(Work to complete) Go through the entries below and work out how many lines include "partial". Answer with the number only.

(Dataset entries)

(* Assume the pair $(\mathcal D,\mathcal F)$ is good. Then: (i) for every $\delta\in(0,1)$, $\mathrm{Risk}_*(\delta^2/4)\ge\Phi_*(\ln(1/\delta))$; (ii) for every $\varepsilon\in(0,1/4)$, $\mathrm{Risk}_*(\varepsilon)\ge\dfrac{\ln(1/(4\varepsilon))}{2\ln(2/\varepsilon)}\,\Phi_*(\ln(2/\varepsilon))$.
   Context: Let $(\Omega,P)$ be a Polish space equipped with a $\sigma$-finite Borel measure $P$, let $\mathcal M\subset\mathbb R^m$, and let $\mathcal D=\{p_\mu\}_{\mu\in\mathcal M}$ be a parametric density family: for each $\mu\in\mathcal M$, $p_\mu$ is a nonnegative Borel function on $\Omega$ with $\int_\Omega p_\mu\,dP=1$. Let $\mathcal F$ be a finite-dimensional linear space of Borel functions on $\Omega$ containing the constants. The pair $(\mathcal D,\mathcal F)$ is called good if: (1) $\mathcal M$ is an open convex subset of $\mathbb R^m$; (2) $p_\mu(\omega)>0$ for all $\mu\in\mathcal M$, $\omega\in\Omega$; (3) for all $\mu,\nu\in\mathcal M$ the function $\omega\mapsto\ln(p_\mu(\omega)/p_\nu(\omega))$ belongs to $\mathcal F$; (4) for every $\phi\in\mathcal F$ the function $\mu\mapsto\ln\int_\Omega e^{\phi(\omega)}p_\mu(\omega)P(d\omega)$ is well defined (finite) and concave on $\mathcal M$. Let $X\subset\mathbb R^n$ be a nonempty convex compact set, $x\mapsto A(x)$ an affine map $\mathbb R^n\to\mathbb R^m$ with $A(X)\subset\mathcal M$, and $g\in\mathbb R^n$. An observation $\omega$ has density $p_{A(x)}$ w.r.t. $P$ for an unknown $x\in X$; the goal is to estimate $g^Tx$. An estimate is a Borel function $\hat g:\Omega\to\mathbb R$. For $\varepsilon\in(0,1)$ the $\varepsilon$-risk of $\hat g$ is $\mathrm{Risk}(\hat g;\varepsilon)=\inf\{\delta:\ \sup_{x\in X}\mathrm{Prob}_{\omega\sim p_{A(x)}}\{|\hat g(\omega)-g^Tx|>\delta\}<\varepsilon\}$; $\mathrm{Risk}_*(\varepsilon)=\inf_{\hat g}\mathrm{Risk}(\hat g;\varepsilon)$, the infimum over all Borel estimates. For $r\ge0$, $x,y\in X$, $\phi\in\mathcal F$, $\alpha>0$ define $$\Phi_r(x,y;\phi,\alpha)=g^Tx-g^Ty+\alpha\ln\int_\Omega e^{\phi(\omega)/\alpha}p_{A(y)}(\omega)P(d\omega)+\alpha\ln\int_\Omega e^{-\phi(\omega)/\alpha}p_{A(x)}(\omega)P(d\omega)+2\alpha r,$$ and $\Phi_*(r)=\tfrac12\inf_{\phi\in\mathcal F,\alpha>0}\sup_{x,y\in X}\Phi_r(x,y;\phi,\alpha)$. *)

theory Defs
  imports "HOL-Analysis.Analysis"
begin

definition fin_dim_fun_space :: "('w \<Rightarrow> real) set \<Rightarrow> bool" where
  "fin_dim_fun_space F \<longleftrightarrow>
     (\<exists>B :: ('w \<Rightarrow> real) list.
        F = {(\<lambda>\<omega>. \<Sum>i<length B. c i * (B ! i) \<omega>) | c :: nat \<Rightarrow> real. True})"

text \<open>The pair (D,F) is good. P is the reference measure on Omega, p mu is the density
  indexed by the parameter mu in the parameter set M.\<close>
definition good_pair ::
  "'w::polish_space measure \<Rightarrow> ('m::euclidean_space) set \<Rightarrow> ('m \<Rightarrow> 'w \<Rightarrow> real)
     \<Rightarrow> ('w \<Rightarrow> real) set \<Rightarrow> bool" where
  "good_pair P M p F \<longleftrightarrow>
     \<comment> \<open>standing assumptions\<close>
     sets P = sets borel \<and> sigma_finite_measure P \<and>
     (\<forall>\<mu>\<in>M. p \<mu> \<in> borel_measurable P \<and> (\<forall>\<omega>. 0 \<le> p \<mu> \<omega>) \<and>
              (\<integral>\<^sup>+ \<omega>. ennreal (p \<mu> \<omega>) \<partial>P) = 1) \<and>
     fin_dim_fun_space F \<and> (\<forall>\<phi>\<in>F. \<phi> \<in> borel_measurable P) \<and> (\<forall>c. (\<lambda>_. c) \<in> F) \<and>
     \<comment> \<open>(1)\<close>
     open M \<and> convex M \<and>
     \<comment> \<open>(2)\<close>
     (\<forall>\<mu>\<in>M. \<forall>\<omega>. 0 < p \<mu> \<omega>) \<and>
     \<comment> \<open>(3)\<close>
     (\<forall>\<mu>\<in>M. \<forall>\<nu>\<in>M. (\<lambda>\<omega>. ln (p \<mu> \<omega> / p \<nu> \<omega>)) \<in> F) \<and>
     \<comment> \<open>(4)\<close>
     (\<forall>\<phi>\<in>F. (\<forall>\<mu>\<in>M. integrable P (\<lambda>\<omega>. exp (\<phi> \<omega>) * p \<mu> \<omega>)) \<and>
              concave_on M (\<lambda>\<mu>. ln (\<integral>\<omega>. exp (\<phi> \<omega>) * p \<mu> \<omega> \<partial>P)))"

definition miss_prob ::
  "'w measure \<Rightarrow> ('m \<Rightarrow> 'w \<Rightarrow> real) \<Rightarrow> ('n \<Rightarrow> 'm) \<Rightarrow> ('n::real_inner)
     \<Rightarrow> ('w \<Rightarrow> real) \<Rightarrow> 'n \<Rightarrow> real \<Rightarrow> real" where
  "miss_prob P p A g ghat x \<delta> =
     measure (density P (\<lambda>\<omega>. ennreal (p (A x) \<omega>)))
             {\<omega> \<in> space P. \<bar>ghat \<omega> - g \<bullet> x\<bar> > \<delta>}"

text \<open>epsilon-risk of an estimate (value +infinity if no delta works).\<close>
definition risk ::
  "'w measure \<Rightarrow> ('m \<Rightarrow> 'w \<Rightarrow> real) \<Rightarrow> ('n \<Rightarrow> 'm) \<Rightarrow> 'n set \<Rightarrow> ('n::real_inner)
     \<Rightarrow> ('w \<Rightarrow> real) \<Rightarrow> real \<Rightarrow> ereal" where
  "risk P p A X g ghat \<epsilon> =
     Inf {ereal \<delta> | \<delta>. (SUP x\<in>X. ereal (miss_prob P p A g ghat x \<delta>)) < ereal \<epsilon>}"

definition risk_star ::
  "'w measure \<Rightarrow> ('m \<Rightarrow> 'w \<Rightarrow> real) \<Rightarrow> ('n \<Rightarrow> 'm) \<Rightarrow> 'n set \<Rightarrow> ('n::real_inner)
     \<Rightarrow> real \<Rightarrow> ereal" where
  "risk_star P p A X g \<epsilon> = (INF ghat\<in>borel_measurable P. risk P p A X g ghat \<epsilon>)"

definition Phi_r ::
  "'w measure \<Rightarrow> ('m \<Rightarrow> 'w \<Rightarrow> real) \<Rightarrow> ('n \<Rightarrow> 'm) \<Rightarrow> ('n::real_inner) \<Rightarrow> real
     \<Rightarrow> 'n \<Rightarrow> 'n \<Rightarrow> ('w \<Rightarrow> real) \<Rightarrow> real \<Rightarrow> real" where
  "Phi_r P p A g r x y \<phi> \<alpha> =
     g \<bullet> x - g \<bullet> y
     + \<alpha> * ln (\<integral>\<omega>. exp (\<phi> \<omega> / \<alpha>) * p (A y) \<omega> \<partial>P)
     + \<alpha> * ln (\<integral>\<omega>. exp (- \<phi> \<omega> / \<alpha>) * p (A x) \<omega> \<partial>P)
     + 2 * \<alpha> * r"

definition Phi_star ::
  "'w measure \<Rightarrow> ('m \<Rightarrow> 'w \<Rightarrow> real) \<Rightarrow> ('n \<Rightarrow> 'm) \<Rightarrow> 'n set \<Rightarrow> ('w \<Rightarrow> real) set
     \<Rightarrow> ('n::real_inner) \<Rightarrow> real \<Rightarrow> ereal" where
  "Phi_star P p A X F g r =
     ereal (1/2) * (INF \<phi>\<alpha>\<in>F \<times> {0<..}.
        (SUP xy\<in>X \<times> X. ereal (Phi_r P p A g r (fst xy) (snd xy) (fst \<phi>\<alpha>) (snd \<phi>\<alpha>))))"

end

theory Submission
  imports Defs
begin

text \<open>
  Fix an estimate ghat whose (delta^2/4)-risk is below delta0, and r \<ge> ln (1/delta);
  put l = ln (1/delta) / r \<in> (0, 1]. The proof has three steps.
  (a) Testing: if g x - g y > 2 delta0, the events where ghat misses g x resp. g y cover the
      observation space, so they form a test between A x and A y with both errors below
      delta^2/4; hence the Hellinger affinity of p (A x) and p (A y) is below delta. As the
      log-affinity is concave along segments, l (g x - g y) \<le> 2 delta0 whenever the
      affinity of A x and A y is at least exp (- r).
  (b) Pointwise: at phi = alpha h, with h the half log-likelihood ratio, Phi_r equals
      g x - g y + 2 alpha (ln affinity + r), so for every pair (x, y) some parameter
      (phi, alpha) brings Phi_r below any level c > 2 delta0 / l.
  (c) Minimax: Phi_r is continuous and concave in (x, y) and convex in (phi, alpha), so a
      minimax lemma yields a single parameter that works for all pairs: Phi_star r \<le> delta0 / l.
  Parts (i) and (ii) follow with r = ln (1/delta), resp. delta = 2 sqrt eps, r = ln (2/eps).
\<close>

lemma nonpos_of_bounded_below_on_ray:
  fixes a u v b :: real
  assumes bound: "\<And>K. 0 \<le> K \<Longrightarrow> a * (u - K) + v > b"
  shows "a \<le> 0"
proof (rule ccontr)
  assume "\<not> a \<le> 0"
  then have a: "a > 0" by simp
  define K where "K = (a * u + v - b) / a"
  have "0 \<le> K" using bound[of 0] a by (simp add: K_def)
  moreover have "a * (u - K) + v = b" using a by (simp add: K_def field_simps)
  ultimately show False using bound[of K] by simp
qed

lemma convex_downward_closed_separation:
  fixes S :: "(real \<times> real) set"
  assumes convex: "convex S"
    and down: "\<And>z w. z \<in> S \<Longrightarrow> fst w \<le> fst z \<Longrightarrow> snd w \<le> snd z \<Longrightarrow> w \<in> S"
    and outside: "(c, c) \<notin> closure S"
  shows "\<exists>t. 0 \<le> t \<and> t \<le> 1 \<and> (\<forall>z\<in>S. (1 - t) * fst z + t * snd z < c)"
proof (cases "S = {}")
  case True
  then show ?thesis by (intro exI[of _ 0]) auto
next
  case False
  then obtain z0 where z0: "z0 \<in> S" by blast
  obtain a b where ab: "inner a (c, c) < b" and abS: "\<forall>z\<in>closure S. inner a z > b"
    using separating_hyperplane_closed_point[OF convex_closure[OF convex] closed_closure outside]
    by blast
  obtain a1 a2 where a: "a = (a1, a2)" by (cases a)
  have sep: "a1 * fst z + a2 * snd z > b" if "z \<in> S" for z
  proof -
    have "inner a z > b" using abS closure_subset that by blast
    then show ?thesis by (cases z) (simp add: a inner_Pair)
  qed
  have a1: "a1 \<le> 0"
  proof (rule nonpos_of_bounded_below_on_ray[where u = "fst z0" and v = "a2 * snd z0"])
    fix K :: real assume "0 \<le> K"
    then have "(fst z0 - K, snd z0) \<in> S" using down[OF z0] by simp
    then show "a1 * (fst z0 - K) + a2 * snd z0 > b" using sep by fastforce
  qed
  have a2: "a2 \<le> 0"
  proof (rule nonpos_of_bounded_below_on_ray[where u = "snd z0" and v = "a1 * fst z0"])
    fix K :: real assume "0 \<le> K"
    then have "(fst z0, snd z0 - K) \<in> S" using down[OF z0] by simp
    then show "a2 * (snd z0 - K) + a1 * fst z0 > b" using sep by fastforce
  qed
  have below: "a1 * c + a2 * c < b" using ab by (simp add: a inner_Pair)
  define s where "s = - a1 - a2"
  have s: "s > 0" using a1 a2 below sep[OF z0] by (cases "a1 = 0 \<and> a2 = 0") (auto simp: s_def)
  define t where "t = - a2 / s"
  have one_minus_t: "1 - t = - a1 / s" using s by (simp add: t_def s_def field_simps)
  show ?thesis
  proof (intro exI[of _ t] conjI ballI)
    show "0 \<le> t" using a2 s by (simp add: t_def divide_nonpos_pos)
    have "0 \<le> - a1 / s" using a1 s by (simp add: divide_nonpos_pos)
    then show "t \<le> 1" using one_minus_t by linarith
    fix z assume "z \<in> S"
    have "(1 - t) * fst z + t * snd z = (- a1 * fst z - a2 * snd z) / s"
      unfolding one_minus_t by (simp add: t_def diff_divide_distrib)
    also have "\<dots> < (- a1 * c - a2 * c) / s"
      using sep[OF \<open>z \<in> S\<close>] below s by (intro divide_strict_right_mono) auto
    also have "\<dots> = c" using s by (simp add: s_def field_simps)
    finally show "(1 - t) * fst z + t * snd z < c" .
  qed
qed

(Written solution) 4